Every week we have to write a 报告,or report, on that week’s topic and present it to the class from memory on Friday. It counts as our oral exam. We are allowed to have papers with notes jotted on them in case we forget a point when we give our presentations, but we are not allowed to read our reports line for line.
The main purpose of these reports is to obviously practice new grammar structures and vocabulary orally within a contextual structure that is not that of our textbook. In other words, this is our chance to show that we have actually learned the 语法 beyond memorizing sentences from the book. There is a rubric which considers new vocab used, grammar, pronunciation, and content. I think my strongest point usually is content, and my weakest grammar, which is the inverse of what I should be focusing on. There really is not point about crafting a well argued presentation, given that the audience is eight students and three teachers, but I think learning how to argue persuasively in Chinese is a skill which will not only raise my 中文水平but also improve my reasoning skills (on a complete side note, I have gotten to the point where I can think of the word I want in Chinese, but for a split second not remember its English counterpart. I think this phenomenon and that of dreaming in a language points to some sort of progress).
This week we went to a museum of contemporary Chinese writers and the topic is to write a brief explanation of one of these authors. Unfortunately, the museum was pretty unhelpful in providing anything but the most basic of information (they did have lots of desks and lamps). I decided to write about 秋瑾,the feminist revolutionary, because she can be considered an author although she is better known for her political activities. Since I didn’t learn anything about her from the museum, I did a slow Google search (wikipedia was blocked through and through) and eventually found a book which did a nice little analysis on her writing.

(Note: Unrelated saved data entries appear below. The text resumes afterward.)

lemma armijo_step_lower_bound:
  fixes \<phi> :: "'a::euclidean_space \<Rightarrow> real"
  assumes diff: "\<forall>x. \<phi> differentiable (at x)"
    and "0 < \<sigma>" "\<sigma> < 1" "0 < \<beta>" "\<beta> < 1" "0 < L"
    and lip: "L-lipschitz_on (cball x (norm d)) (grad \<phi>)"
    and descent: "\<kappa> * (norm d)\<^sup>2 \<le> - inner (grad \<phi> x) d"
    and first: "\<And>i. i < j \<Longrightarrow> \<not> armijo \<phi> \<sigma> \<beta> x d i"
  shows "min 1 (\<beta> * (1 - \<sigma>) * \<kappa> / L) \<le> \<beta> ^ j"
proof (cases j)
  case (Suc i)
  define t where "t = \<beta> ^ i"
  have t: "0 < t" "t \<le> 1" using \<open>0 < \<beta>\<close> \<open>\<beta> < 1\<close> by (simp_all add: t_def power_le_one)
  obtain s where s: "0 \<le> s" "s \<le> 1"
    and mvt: "\<phi> (x + t *\<^sub>R d) - \<phi> x = inner (grad \<phi> (x + s *\<^sub>R (t *\<^sub>R d))) (t *\<^sub>R d)"
    using grad_mean_value[OF diff] by blast
  define \<xi> where "\<xi> = x + s *\<^sub>R (t *\<^sub>R d)"
  have "\<phi> x + \<sigma> * t * inner (grad \<phi> x) d < \<phi> (x + t *\<^sub>R d)"
    using first[of i] Suc by (simp add: armijo_def t_def)
  then have "t * (\<sigma> * inner (grad \<phi> x) d) < t * inner (grad \<phi> \<xi>) d"
    using mvt by (simp add: \<xi>_def algebra_simps)
  then have "\<sigma> * inner (grad \<phi> x) d < inner (grad \<phi> \<xi>) d"
    using t by simp
  moreover have "(1 - \<sigma>) * (\<kappa> * (norm d)\<^sup>2) \<le> (1 - \<sigma>) * - inner (grad \<phi> x) d"
    using descent \<open>\<sigma> < 1\<close> by (intro mult_left_mono) auto
  ultimately have "(1 - \<sigma>) * \<kappa> * (norm d)\<^sup>2 < inner (grad \<phi> \<xi> - grad \<phi> x) d"
    by (simp add: inner_diff_left algebra_simps)
  also have "\<dots> \<le> norm (grad \<phi> \<xi> - grad \<phi> x) * norm d"
    using Cauchy_Schwarz_ineq2[of "grad \<phi> \<xi> - grad \<phi> x" d] by simp
  also have "\<dots> \<le> L * norm (\<xi> - x) * norm d"
  proof -
    have "s * t \<le> 1" using s t by (simp add: mult_le_one)
    then have "norm (\<xi> - x) \<le> norm d"
      using s t by (simp add: \<xi>_def mult_left_le_one_le)
    then show ?thesis
      using lipschitz_on_normD[OF lip, of \<xi> x] by (intro mult_right_mono) (auto simp: dist_norm norm_minus_commute)
  qed
  also have "\<dots> \<le> (L * t) * (norm d)\<^sup>2"
    using s t \<open>0 < L\<close> by (simp add: \<xi>_def power2_eq_square mult_left_le_one_le mult_right_mono)
  finally have "(1 - \<sigma>) * \<kappa> < L * t"
    by (cases "d = 0") (simp_all add: mult_less_cancel_right)
  then have "\<beta> * ((1 - \<sigma>) * \<kappa> / L) < \<beta> * t"
    using \<open>0 < L\<close> \<open>0 < \<beta>\<close> by (simp add: pos_divide_less_eq mult.commute)
  then show ?thesis
    by (simp add: Suc t_def)
qed simp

What was disappointing was that after reading for five minutes I knew there was no way I could possibly do秋瑾 justice in any sense of the word given the great complexity and depth of her life. This is something which has lately fallen latent, the phenomenon of wanting to say so much more than your language level will allow. I am comfortable enough to argue in simplistic terms about political issues and topics which interest me, and my language skills have not presented a very obvious barrier lately. Until I read this well written excerpt by Lingzhen Wang in English and realized that I could not capture the eloquence and lilt with which this author described Qiu Jin’s life and writing.